** Opening Data to examine block **

lemma dirichlet_minimizer_exists:
  assumes sg: "simple_graph E" and conn: "\<And>x. E\<^sup>*\<^sup>* x b"
    and f0: "finite_energy E f0" "f0 a - f0 b = 1"
  obtains u where "finite_energy E u" "u a - u b = 1"
    "\<And>f. finite_energy E f \<Longrightarrow> f a - f b = 1 \<Longrightarrow> dirichlet E u u \<le> dirichlet E f f"
proof -
  define A where "A = {f. finite_energy E f \<and> f a - f b = 1}"
  define m where "m = (INF f\<in>A. dirichlet E f f)"
  have bdd: "bdd_below ((\<lambda>f. dirichlet E f f) ` A)"
    by (auto intro!: bdd_belowI[of _ 0] dirichlet_nonneg)
  have m_le: "m \<le> dirichlet E f f" if "finite_energy E f" "f a - f b = 1" for f
    unfolding m_def using that by (intro cINF_lower[OF bdd]) (simp add: A_def)
  have "\<exists>f\<in>A. dirichlet E f f < m + 1 / real (Suc n)" for n
    using cInf_lessD[of "(\<lambda>f. dirichlet E f f) ` A" "m + 1 / real (Suc n)"] f0
    unfolding m_def A_def by auto
  then obtain F where F: "\<And>n. F n \<in> A" "\<And>n. dirichlet E (F n) (F n) < m + 1 / real (Suc n)"
    by metis
  define g where "g n = (\<lambda>x. F n x - F n b)" for n
  have g: "finite_energy E (g n)" "g n a - g n b = 1" "g n b = 0"
    "dirichlet E (g n) (g n) < m + 1 / real (Suc n)" for n
    using F[of n] by (auto simp: A_def g_def finite_energy_diff finite_energy_const dirichlet_diff_const)
  have Cauchy: "dirichlet E (\<lambda>x. g k x - g n x) (\<lambda>x. g k x - g n x) \<le> 2 / real (Suc k) + 2 / real (Suc n)"
    for k n
    using dirichlet_parallelogram_bound[OF g(1,1,2,2) m_le, of k n] g(4)[of k] g(4)[of n] by simp
  have zero: "(\<lambda>n. c / real (Suc n)) \<longlonglongrightarrow> 0" for c :: real
    using LIMSEQ_Suc[OF lim_const_over_n[of c]] by simp
  obtain u where lim: "\<And>x. (\<lambda>n. g n x) \<longlonglongrightarrow> u x" and u: "finite_energy E u"
    and near: "\<And>n. dirichlet E (\<lambda>x. u x - g n x) (\<lambda>x. u x - g n x) \<le> 2 / real (Suc n)"
    using dirichlet_Cauchy_limit[OF sg conn g(1) g(3) Cauchy zero] by blast
  have "(\<lambda>n. g n a - g n b) \<longlonglongrightarrow> u a - u b" by (intro tendsto_diff lim)
  then have uab: "u a - u b = 1" using g(2) by (simp add: LIMSEQ_const_iff)
  moreover have "0 \<le> m"
    unfolding m_def using f0 by (intro cINF_greatest) (auto simp: A_def dirichlet_nonneg)
  moreover have "dirichlet E (g n) (g n) \<le> m + 2 / real (Suc n)" for n
    using g(4)[of n] by (simp add: field_simps)
  ultimately have "dirichlet E u u \<le> m"
    using dirichlet_le_if_approximated[OF u g(1) _ _ near zero] by blast
  with u uab m_le show ?thesis using that by fastforce
qed

section \<open>Unit-current potentials and effective resistance\<close>

definition unit_current_potential :: "('a \<Rightarrow> 'a \<Rightarrow> bool) \<Rightarrow> 'a \<Rightarrow> 'a \<Rightarrow> ('a \<Rightarrow> real) \<Rightarrow> bool" where
  "unit_current_potential E a b w \<longleftrightarrow>
     finite_energy E w \<and> (\<forall>f. finite_energy E f \<longrightarrow> dirichlet E f w = f a - f b)"

lemma dirichlet_orthogonal_if_minimizer:
  assumes u: "finite_energy E u" "u a - u b = 1"
    and minimal: "\<And>f. finite_energy E f \<Longrightarrow> f a - f b = 1 \<Longrightarrow> dirichlet E u u \<le> dirichlet E f f"
    and h: "finite_energy E h" "h a = h b"
  shows "dirichlet E u h = 0"
proof -
  have "(- dirichlet E u h)\<^sup>2 \<le> 0 * dirichlet E h h"
  proof (rule discriminant_le_if_quadratic_nonneg)
    fix t :: real
    have "dirichlet E u u \<le> dirichlet E (\<lambda>x. u x + t * h x) (\<lambda>x. u x + t * h x)"
      using u h by (intro minimal finite_energy_add finite_energy_scale) auto
    then show "0 \<le> 0 - 2 * t * (- dirichlet E u h) + t\<^sup>2 * dirichlet E h h"
      unfolding dirichlet_expand[OF u(1) h(1)] by simp
  qed (rule dirichlet_nonneg)
  then show ?thesis by simp
qed

lemma unit_current_potential_of_minimizer:
  assumes sg: "simple_graph E" and path: "E\<^sup>*\<^sup>* a b"
    and u: "finite_energy E u" "u a - u b = 1"
    and minimal: "\<And>f. finite_energy E f \<Longrightarrow> f a - f b = 1 \<Longrightarrow> dirichlet E u u \<le> dirichlet E f f"
  shows "unit_current_potential E a b (\<lambda>x. inverse (dirichlet E u u) * u x)"
proof -
  obtain C where "\<And>f. finite_energy E f \<Longrightarrow> (f a - f b)\<^sup>2 \<le> C * dirichlet E f f"
    using sq_diff_le_dirichlet_if_path[OF sg path] by blast
  from this[OF u(1)] u(2) have pos: "dirichlet E u u \<noteq> 0" by auto
  have flux: "dirichlet E f u = (f a - f b) * dirichlet E u u" if f: "finite_energy E f" for f
  proof -
    let ?h = "\<lambda>x. f x - (f a - f b) * u x"
    have h: "finite_energy E ?h" by (intro finite_energy_diff finite_energy_scale f u)
    have "?h a - ?h b = (f a - f b) * (1 - (u a - u b))" by (simp add: algebra_simps)
    also have "\<dots> = 0" using u(2) by simp
    finally have "?h a = ?h b" by simp
    with u minimal h have "dirichlet E u ?h = 0" by (rule dirichlet_orthogonal_if_minimizer)
    moreover have "dirichlet E ?h u = dirichlet E f u - (f a - f b) * dirichlet E u u"
      using dirichlet_diff_left[OF f finite_energy_scale[OF u(1)] u(1)]
        dirichlet_scale_left[of E "f a - f b" u u] by simp
    ultimately show ?thesis using dirichlet_commute[of E u ?h] by simp
  qed
  show ?thesis
    unfolding unit_current_potential_def
  proof (intro conjI allI impI)
    show "finite_energy E (\<lambda>x. inverse (dirichlet E u u) * u x)" by (rule finite_energy_scale[OF u(1)])
    fix f
    assume "finite_energy E f"
    with pos show "dirichlet E f (\<lambda>x. inverse (dirichlet E u u) * u x) = f a - f b"
      by (simp add: dirichlet_scale_right flux)
  qed
qed

lemma unit_current_potential_zero: "unit_current_potential E a a (\<lambda>x. 0)"
  using dirichlet_const_left[of E 0]
  by (simp add: unit_current_potential_def finite_energy_const dirichlet_commute[of E _ "\<lambda>x. 0"])

lemma unit_current_potential_exists:
  assumes sg: "simple_graph E" and fin: "\<And>x. finite (neighbours E x)" and conn: "\<And>x y. E\<^sup>*\<^sup>* x y"
  shows "\<exists>w. unit_current_potential E a b w"
proof (cases "a = b")
  case True
  then show ?thesis using unit_current_potential_zero[of E a] by blast
next
  case False
  then have "finite_energy E (indicator {a})" "indicator {a} a - indicator {a} b = (1::real)"
    using finite_energy_indicator[OF sg fin] by auto
  then obtain u where "finite_energy E u" "u a - u b = 1"
    "\<And>f. finite_energy E f \<Longrightarrow> f a - f b = 1 \<Longrightarrow> dirichlet E u u \<le> dirichlet E f f"
    using dirichlet_minimizer_exists[OF sg conn] by blast
  then show ?thesis using unit_current_potential_of_minimizer[OF sg conn] by blast
qed

lemma unit_current_potential_self:
  "unit_current_potential E a b w \<Longrightarrow> dirichlet E w w = w a - w b"
  by (simp add: unit_current_potential_def)

text \<open>Dirichlet's principle: by Cauchy--Schwarz the supremum defining \<open>eff_res\<close> is attained at
  the normalised unit-current potential.\<close>

lemma eff_res_eq_dirichlet:
  assumes w: "unit_current_potential E a b w"
  shows "eff_res E a b = dirichlet E w w"
  unfolding eff_res_def
proof (rule cSup_eq_maximum)
  have wfe: "finite_energy E w" using w by (simp add: unit_current_potential_def)
  show "dirichlet E w w \<in> {(f a - f b)\<^sup>2 | f. finite_energy E f \<and> energy E f \<le> 1}"
  proof (cases "dirichlet E w w = 0")
    case True
    then show ?thesis
      by (intro CollectI exI[of _ "\<lambda>x. 0"]) (simp add: finite_energy_const energy_eq_dirichlet dirichlet_const_left)
  next
    case False
    then have d: "0 < dirichlet E w w" using dirichlet_nonneg[of E w] by simp
    define c where "c = inverse (sqrt (dirichlet E w w))"
    have c2: "c\<^sup>2 = inverse (dirichlet E w w)" using d by (simp add: c_def power_inverse)
    have "energy E (\<lambda>x. c * w x) = c\<^sup>2 * dirichlet E w w"
      by (simp only: energy_eq_dirichlet dirichlet_scale_both)
    also have "\<dots> = 1" using d unfolding c2 by simp
    moreover have "(c * w a - c * w b)\<^sup>2 = c\<^sup>2 * (w a - w b)\<^sup>2"
      by (simp add: power_mult_distrib right_diff_distrib[symmetric])
    moreover have "\<dots> = dirichlet E w w"
      using unit_current_potential_self[OF w] d unfolding c2 by (simp add: power2_eq_square)
    ultimately show ?thesis
      using finite_energy_scale[OF wfe] by (intro CollectI exI[of _ "\<lambda>x. c * w x"]) auto
  qed
next
  fix z
  assume "z \<in> {(f a - f b)\<^sup>2 | f. finite_energy E f \<and> energy E f \<le> 1}"
  then obtain f where z: "z = (f a - f b)\<^sup>2" and f: "finite_energy E f" "energy E f \<le> 1" by blast
  have "z = (dirichlet E f w)\<^sup>2" using z w f(1) by (simp add: unit_current_potential_def)
  also have "\<dots> \<le> dirichlet E f f * dirichlet E w w"
    using dirichlet_Cauchy_Schwarz[OF f(1) w[unfolded unit_current_potential_def, THEN conjunct1]] .
  also have "\<dots> \<le> dirichlet E w w"
    using f(2) dirichlet_nonneg[of E w] mult_right_mono[of "dirichlet E f f" 1] by (simp add: energy_eq_dirichlet)
  finally show "z \<le> dirichlet E w w" .
qed

lemma unit_current_potential_uminus:
  assumes "unit_current_potential E a b w"
  shows "unit_current_potential E b a (\<lambda>x. - w x)"
  using assms finite_energy_scale[of E w "-1"] dirichlet_scale_right[of E _ "-1" w]
  by (simp add: unit_current_potential_def)

lemma unit_current_potential_add:
  assumes w: "unit_current_potential E a b w" and w': "unit_current_potential E b c w'"
  shows "unit_current_potential E a c (\<lambda>x. w x + w' x)"
  using w w' finite_energy_add[of E w w'] dirichlet_add_right[of E w w']
  by (simp add: unit_current_potential_def)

** Closing Data to examine block **

__The problem__
What you write must be the entries restated word for word, from the opening line through the one holding "define A where", with nothing else.

__Completed task__
lemma dirichlet_minimizer_exists:
  assumes sg: "simple_graph E" and conn: "\<And>x. E\<^sup>*\<^sup>* x b"
    and f0: "finite_energy E f0" "f0 a - f0 b = 1"
  obtains u where "finite_energy E u" "u a - u b = 1"
    "\<And>f. finite_energy E f \<Longrightarrow> f a - f b = 1 \<Longrightarrow> dirichlet E u u \<le> dirichlet E f f"
proof -
  define A where "A = {f. finite_energy E f \<and> f a - f b = 1}"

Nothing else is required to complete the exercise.